DeLaCruz first saw the benefits of IFQs when red snapper – a more plentiful in the western Gulf of Mexico – started showing up in his territory. He knew that snapper had suffered a near collapse a few years earlier.
He thought “I don’t know what they’re doing in the snapper fishery, but I want it here.”
It only took a few years for the grouper IFQ to yield results.
Before, DeLaCruz and other commercial fishermen would suffer through droughts and gluts. The product suffered, the species suffered, and customers and people couldn’t really count on what they were buying. Now, he says, the stock is recovering, the quality is better, availability is better, and fishermen have a say in when they fish.
“I want to be part of an industry that builds a fishery so robust and so strong that it will last for generations,” he said. “Sustainable means you can do it forever, and I think that’s possible now.”
This firm fish holds up well to many types of preparation, and is difficult to overcook—making it a good choice for beginner cooks.
Blackened Grouper with Maitre d’Hotel butter
CHEF HALEY BITTERMANN
YIELD: 4 PORTIONS
1/2 cup good-quality dry white wine
2 tablespoons unsalted butter, melted
4 8-ounce grouper fillets2 tablespoons Creole seasoning, divided
1 recipe maître d’hôtel butter
1. Prepare the recipes for Creole Seasoning and Maître d’hôtel Butter
2. Preheat the oven to 350°F.
3. Combine the wine and melted butter. Place the mixture in the rimmed baking sheet and set it aside.
4. Place an empty seasoned cast-iron skillet over medium-high heat.
5. Meanwhile, evenly distribute the 2 tablespoons of Creole seasoning mix on both sides of the four fillets, rubbing ½ tablespoon onto each fillet.
6. After the skillet has been on the burner for three or four minutes, it should be hot and just starting to smoke. Place two of the fillets in the skillet and cook until each is dark golden on both sides but slightly undercooked, about 1½ minutes per side. (The cooking time will depend on the thickness of the fish.)

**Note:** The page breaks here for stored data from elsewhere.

lemma qs_le_far:
  obtains \<omega> where "0 < \<omega>" and "\<And>t. \<xi> < gap t \<Longrightarrow> qs t \<le> - \<omega>"
proof
  define E where "E = \<xi> powr \<theta> / (\<zeta> * \<xi>)"
  have E: "0 < E" using \<xi>_pos \<zeta>_pos by (simp add: E_def)
  have M: "0 < M" using mM by simp
  show "0 < min (1 / (2 * M * E\<^sup>2)) (\<xi> / 2)" using E M \<xi>_pos by simp
  fix t assume far: "\<xi> < gap t"
  note xt = Psi_x_finite[of t]
  have D: "0 < gap t" using far \<xi>_pos by linarith
  have "infdist (x t) \<Omega> \<le> E * gap t"
    using infdist_le_far[OF xt far] by (simp add: E_def)
  then have "(infdist (x t) \<Omega>)\<^sup>2 \<le> (E * gap t)\<^sup>2"
    using infdist_nonneg by (intro power_mono)
  then have d2: "(infdist (x t) \<Omega>)\<^sup>2 \<le> E\<^sup>2 * (gap t)\<^sup>2"
    by (simp add: power_mult_distrib)
  have "qs t \<le> - min ((gap t)\<^sup>2 / (2 * (M * E\<^sup>2 * (gap t)\<^sup>2))) (gap t / 2)"
  proof (rule le_neg_min_of_quadratic_bound)
    fix s :: real assume s: "0 \<le> s" "s \<le> 1"
    have "s\<^sup>2 * M * (infdist (x t) \<Omega>)\<^sup>2 \<le> s\<^sup>2 * M * (E\<^sup>2 * (gap t)\<^sup>2)"
      using d2 M by (intro mult_left_mono) auto
    then show "qs t \<le> - s * gap t + s\<^sup>2 * (M * E\<^sup>2 * (gap t)\<^sup>2) / 2"
      using qstar_le_toward_Omega[of "x t" s "H t" m M, OF xt s H_lin mM(1) H_lower H_upper] by linarith
  qed (use D M in auto)
  also have "(gap t)\<^sup>2 / (2 * (M * E\<^sup>2 * (gap t)\<^sup>2)) = 1 / (2 * M * E\<^sup>2)"
    using D by simp
  also have "- min (1 / (2 * M * E\<^sup>2)) (gap t / 2) \<le> - min (1 / (2 * M * E\<^sup>2)) (\<xi> / 2)"
    using far by simp
  finally show "qs t \<le> - min (1 / (2 * M * E\<^sup>2)) (\<xi> / 2)" .
qed

lemma qs_le_near:
  obtains \<kappa> where "0 < \<kappa>" and "\<And>t. gap t \<le> \<xi> \<Longrightarrow> qs t \<le> - \<kappa> * sqrt (gap t) ^ 3"
proof
  define b where "b = sqrt (\<xi> powr (4 * \<theta> - 1) / \<zeta> ^ 4)"
  have b: "0 < b" using \<xi>_pos \<zeta>_pos by (simp add: b_def)
  have M: "0 < M" using mM by simp
  define \<kappa> where "\<kappa> = min (1 / (2 * (M * b))) (1 / (2 * sqrt \<xi>))"
  show "0 < \<kappa>" using b M \<xi>_pos by (simp add: \<kappa>_def)
  fix t assume near: "gap t \<le> \<xi>"
  note xt = Psi_x_finite[of t]
  define r where "r = sqrt (gap t)"
  have r: "0 \<le> r" "r\<^sup>2 = gap t" "r \<le> sqrt \<xi>"
    using gap_nonneg[of t] near by (auto simp: r_def)
  have d2: "(infdist (x t) \<Omega>)\<^sup>2 \<le> b * r"
    using infdist_sq_le_near[OF xt near] by (simp add: b_def r_def)
  have "qs t \<le> - min ((r\<^sup>2)\<^sup>2 / (2 * (M * b * r))) (r\<^sup>2 / 2)"
  proof (rule le_neg_min_of_quadratic_bound)
    fix s :: real assume s: "0 \<le> s" "s \<le> 1"
    have "s\<^sup>2 * M * (infdist (x t) \<Omega>)\<^sup>2 \<le> s\<^sup>2 * M * (b * r)"
      using d2 M by (intro mult_left_mono) auto
    then show "qs t \<le> - s * r\<^sup>2 + s\<^sup>2 * (M * b * r) / 2"
      using qstar_le_toward_Omega[of "x t" s "H t" m M, OF xt s H_lin mM(1) H_lower H_upper]
      unfolding r(2) by linarith
  qed (use r b M gap_nonneg[of t] in auto)
  also have "\<dots> \<le> - \<kappa> * r ^ 3"
    using cubic_le_min_quartic_quadratic[OF r(1,3), of "M * b"] b M \<xi>_pos
    by (simp add: \<kappa>_def mult.assoc)
  finally show "qs t \<le> - \<kappa> * sqrt (gap t) ^ 3" by (simp add: r_def)
qed

lemma gap_converges:
  obtains l where "(\<lambda>t. gap t) \<longlonglongrightarrow> l" and "0 \<le> l"
proof -
  have "decseq (\<lambda>t. gap t)" using gap_Suc_le by (intro decseq_SucI)
  then obtain l where "(\<lambda>t. gap t) \<longlonglongrightarrow> l" "\<forall>t. l \<le> gap t"
    using decseq_convergent[of "\<lambda>t. gap t" 0] gap_nonneg by blast
  then show thesis using LIMSEQ_le_const[of "\<lambda>t. gap t" l 0] gap_nonneg by (intro that) auto
qed

lemma gap_diff_tendsto_zero: "(\<lambda>t. gap t - gap (Suc t)) \<longlonglongrightarrow> 0"
proof -
  obtain l where "(\<lambda>t. gap t) \<longlonglongrightarrow> l" using gap_converges by blast
  from tendsto_diff[OF this LIMSEQ_Suc[OF this]] show ?thesis by simp
qed

lemma eventually_gap_le: "\<exists>T. \<forall>t\<ge>T. gap t \<le> \<xi>"
proof -
  have "\<exists>T. gap T \<le> \<xi>"
  proof (rule ccontr)
    assume "\<nexists>T. gap T \<le> \<xi>"
    then have far: "\<xi> < gap t" for t by (simp add: not_le)
    obtain c where c: "0 < c" "\<And>t. c * (- qs t) \<le> gap t - gap (Suc t)"
      using gap_decrease_qs by blast
    obtain \<omega> where \<omega>: "0 < \<omega>" "\<And>t. \<xi> < gap t \<Longrightarrow> qs t \<le> - \<omega>"
      using qs_le_far by blast
    have "c * \<omega> \<le> gap t - gap (Suc t)" for t
    proof -
      have "\<omega> \<le> - qs t" using \<omega>(2)[OF far[of t]] by linarith
      then have "c * \<omega> \<le> c * (- qs t)" using c(1) by (intro mult_left_mono) auto
      then show ?thesis using c(2)[of t] by linarith
    qed
    then have "c * \<omega> \<le> 0"
      using LIMSEQ_le_const[OF gap_diff_tendsto_zero] by blast
    then show False using c(1) \<omega>(1) by (simp add: mult_le_0_iff)
  qed
  then obtain T where "gap T \<le> \<xi>" by blast
  then have "gap t \<le> \<xi>" if "T \<le> t" for t
    using lift_Suc_antimono_le[of "\<lambda>t. gap t", OF gap_Suc_le that] by simp
  then show ?thesis by blast
qed

lemma gap_decrease_near:
  obtains c where "0 < c" and "\<And>t. gap t \<le> \<xi> \<Longrightarrow> c * sqrt (gap t) ^ 3 \<le> gap t - gap (Suc t)"
proof -
  obtain c where c: "0 < c" "\<And>t. c * (- qs t) \<le> gap t - gap (Suc t)"
    using gap_decrease_qs by blast
  obtain \<kappa> where \<kappa>: "0 < \<kappa>" "\<And>t. gap t \<le> \<xi> \<Longrightarrow> qs t \<le> - \<kappa> * sqrt (gap t) ^ 3"
    using qs_le_near by blast
  show thesis
  proof
    show "0 < c * \<kappa>" using c(1) \<kappa>(1) by simp
    fix t assume "gap t \<le> \<xi>"
    then have "\<kappa> * sqrt (gap t) ^ 3 \<le> - qs t" using \<kappa>(2)[of t] by linarith
    then have "c * (\<kappa> * sqrt (gap t) ^ 3) \<le> c * (- qs t)"
      using c(1) by (intro mult_left_mono) auto
    then show "c * \<kappa> * sqrt (gap t) ^ 3 \<le> gap t - gap (Suc t)"
      using c(2)[of t] by (simp add: mult.assoc)
  qed
qed

lemma gap_tendsto_zero: "(\<lambda>t. gap t) \<longlonglongrightarrow> 0"
proof -
  obtain l where l: "(\<lambda>t. gap t) \<longlonglongrightarrow> l" "0 \<le> l" using gap_converges by blast
  obtain c where c: "0 < c" "\<And>t. gap t \<le> \<xi> \<Longrightarrow> c * sqrt (gap t) ^ 3 \<le> gap t - gap (Suc t)"
    using gap_decrease_near by blast
  have "(\<lambda>t. c * sqrt (gap t) ^ 3) \<longlonglongrightarrow> c * sqrt l ^ 3"
    by (intro tendsto_intros l(1))
  then have "c * sqrt l ^ 3 \<le> 0"
    using LIMSEQ_le[OF _ gap_diff_tendsto_zero] eventually_gap_le c(2) by blast
  then have "l = 0" using c(1) l(2) by (simp add: mult_le_0_iff)
  then show ?thesis using l(1) by simp
qed

lemma summable_step_norms: "summable (\<lambda>t. norm (x (Suc t) - x t))"
proof -
  define u where "u t = sqrt (sqrt (gap t))" for t
  have u: "0 \<le> u t" "u t ^ 4 = gap t" "u t ^ 6 = sqrt (gap t) ^ 3" "u (Suc t) \<le> u t" for t
  proof -
    have "u t ^ 4 = (u t)\<^sup>2 ^ 2" and "u t ^ 6 = (u t)\<^sup>2 ^ 3"
      by (simp_all flip: power_mult)
    then show "u t ^ 4 = gap t" "u t ^ 6 = sqrt (gap t) ^ 3"
      using gap_nonneg[of t] by (simp_all add: u_def)
    show "0 \<le> u t" "u (Suc t) \<le> u t"
      using gap_nonneg gap_Suc_le[of t] by (simp_all add: u_def)
  qed
  obtain T where T: "\<And>t. T \<le> t \<Longrightarrow> gap t \<le> \<xi>" using eventually_gap_le by blast
  obtain K where K: "0 < K" "\<And>t. (norm (x (Suc t) - x t))\<^sup>2 \<le> K * (gap t - gap (Suc t))"
    using step_norm_sq_le by blast
  obtain c where c: "0 < c" "\<And>t. gap t \<le> \<xi> \<Longrightarrow> c * sqrt (gap t) ^ 3 \<le> gap t - gap (Suc t)"
    using gap_decrease_near by blast
  have "norm (x (Suc t) - x t) \<le> 4 * sqrt (K / c) * (u t - u (Suc t))" if "T \<le> t" for t
    using le_linear_of_quartic_decrease[OF u(1) u(4) less_imp_le[OF K(1)] c(1)]
      K(2)[of t] c(2)[OF T[OF that]] by (simp only: u(2,3))
  then have "eventually (\<lambda>t. norm (norm (x (Suc t) - x t)) \<le> 4 * sqrt (K / c) * (u t - u (Suc t)))
      sequentially"
    unfolding eventually_sequentially by auto
  moreover have "summable (\<lambda>t. 4 * sqrt (K / c) * (u t - u (Suc t)))"
  proof -
    have "(\<lambda>t. u t) \<longlonglongrightarrow> 0"
      using tendsto_real_sqrt[OF tendsto_real_sqrt[OF gap_tendsto_zero]] by (simp add: u_def)
    then show ?thesis by (intro summable_mult telescope_summable')
  qed
  ultimately show ?thesis by (rule summable_comparison_test_ev)
qed

lemma limit_mem_Omega:
  assumes "x \<longlonglongrightarrow> z"
  shows "z \<in> \<Omega>"
proof -
  define B where "B = \<xi> powr (4 * \<theta> - 1) / \<zeta> ^ 4"
  have "(\<lambda>t. infdist (x t) \<Omega> ^ 4) \<longlonglongrightarrow> infdist z \<Omega> ^ 4"
    by (intro tendsto_intros assms)
  moreover have "(\<lambda>t. B * gap t) \<longlonglongrightarrow> B * 0"
    by (intro tendsto_intros gap_tendsto_zero)
  moreover have "\<exists>T. \<forall>t\<ge>T. infdist (x t) \<Omega> ^ 4 \<le> B * gap t"
    using eventually_gap_le infdist_pow4_le_near[OF Psi_x_finite] by (auto simp: B_def)
  ultimately have "infdist z \<Omega> ^ 4 \<le> B * 0"
    by (rule LIMSEQ_le)
  then have "infdist z \<Omega> = 0"
    using infdist_nonneg[of z \<Omega>] by (simp add: power_le_zero_eq)
  then show ?thesis
    using in_closed_iff_infdist_zero[OF closed_Omega \<Omega>_ne] by simp
qed

end

theorem theorem3:
  fixes f :: "'a::euclidean_space \<Rightarrow> real" and g :: "'a \<Rightarrow> 'a"
    and \<Psi> :: "'a \<Rightarrow> ereal"
    and L m M \<eta> \<xi> \<zeta> \<theta> \<gamma> \<beta> :: real
    and H :: "nat \<Rightarrow> 'a \<Rightarrow> 'a" and x p :: "nat \<Rightarrow> 'a" and \<alpha> :: "nat \<Rightarrow> real"
    and Fstar :: ereal and \<Omega> :: "'a set"
  assumes Fstar_def: "Fstar = (INF y. Fobj f \<Psi> y)"
    and \<Omega>_def: "\<Omega> = {y. Fobj f \<Psi> y = Fstar}"
    and \<Omega>_ne: "\<Omega> \<noteq> {}"
    and f_convex: "convex_on UNIV f"
    and L_pos: "L > 0" and f_smooth: "L_smooth L f g"
    and \<Psi>_convex: "ext_convex \<Psi>" and \<Psi>_proper: "ext_proper \<Psi>" and \<Psi>_lsc: "ext_lsc \<Psi>"
    and \<gamma>: "0 < \<gamma>" "\<gamma> < 1" and \<beta>: "0 < \<beta>" "\<beta> < 1"
    and x0_dom: "\<Psi> (x 0) \<noteq> \<infinity>"
    and mM: "0 < m" "m \<le> M"
    and H_lin: "\<And>t. linear (H t)"
    and H_sa: "\<And>t u v. H t u \<bullet> v = u \<bullet> H t v"
    and H_bounds: "\<And>t v. m * (norm v)\<^sup>2 \<le> v \<bullet> H t v \<and> v \<bullet> H t v \<le> M * (norm v)\<^sup>2"
    and \<eta>: "0 \<le> \<eta>" "\<eta> < 1"
    and inexact: "\<And>t. Qmodel g \<Psi> (H t) (x t) (p t) - Qstar g \<Psi> (H t) (x t)
                        \<le> - ereal \<eta> * Qstar g \<Psi> (H t) (x t)"
    and \<alpha>_def: "\<And>t. \<alpha> t = \<beta> ^ (LEAST k. Fobj f \<Psi> (x t + (\<beta> ^ k) *\<^sub>R p t)
                        \<le> Fobj f \<Psi> (x t) + ereal (\<gamma> * \<beta> ^ k) * Qmodel g \<Psi> (H t) (x t) (p t))"
    and x_step: "\<And>t. x (Suc t) = x t + \<alpha> t *\<^sub>R p t"
    and \<xi>\<zeta>: "\<xi> > 0" "\<zeta> > 0" and \<theta>: "1/4 < \<theta>" "\<theta> \<le> 1"
    and error_bound: "\<And>y. Fobj f \<Psi> y - Fstar \<le> ereal \<xi> \<Longrightarrow>
                        \<zeta> * infdist y \<Omega> \<le> (real_of_ereal (Fobj f \<Psi> y - Fstar)) powr \<theta>"
  shows "\<exists>xs \<in> \<Omega>. x \<longlonglongrightarrow> xs"
proof -
  interpret isqa f g \<Psi> L Fstar \<Omega> \<xi> \<zeta> \<theta> m M \<eta> \<gamma> \<beta> H x p \<alpha>
    by (intro isqa.intro isqa_axioms.intro convex_composite_error_bound.intro
        convex_composite_error_bound_axioms.intro convex_composite.intro) (fact assms)+
  have "convergent x"
    by (rule convergent_if_summable_norm_diff[OF summable_step_norms])
  then have "x \<longlonglongrightarrow> lim x"
    by (simp add: convergent_LIMSEQ_iff)
  then show ?thesis
    using limit_mem_Omega by blast
qed

end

7. Transfer the cooked fillets to the rimmed baking sheet with a broad, large and sturdy spatula and set them aside. Cook the remaining two fillets as you did the first two, and transfer them to the baking sheet as well.
8. Place the pan with the four fillets, uncovered, in the oven and bake until they are just cooked through, about five minutes. To test for doneness, insert the tip of a thin-bladed knife into the thickest part of the fillet for approximately 10 seconds. Remove the knife and lay the tip of the blade flat against the inside of your wrist. If the tip feels hot against your skin, the fish is done.
Serving Suggestion: Serve the fish immediately, topped with rounds of maître d’hôtel butter, using 1 to 2 tablespoons of butter for each serving.
Fried Grouper Cha Ca La Vong:
Fried Grouper Cha Ca La Vong
CHEF SUSAN SPICER
½ inch cubes of grouper (or larger)
Nuoc Cham dipping sauce
1. Marinate in finely grated galangal, minced garlic and fresh or grated turmeric, pinch of salt, sugar and sambal
2. Dust in rice flour and fry until golden – stick with a bamboo or lemongrass skewer
3. Sprinkle with a combination of chopped fresh herbs (dill, basil and cilantro – the dill is important) and finely chopped scallions
4. Serve with Nuoc Cham dipping sauce on the side (or sprinkle with Nuoc Cham before the herbs) and chopped peanuts (if desired).
Serving Suggestion: Serve with Nuoc Cham dipping sauce on the side (or sprinkle with Nuoc Cham before the herbs) and chopped peanuts (if desired).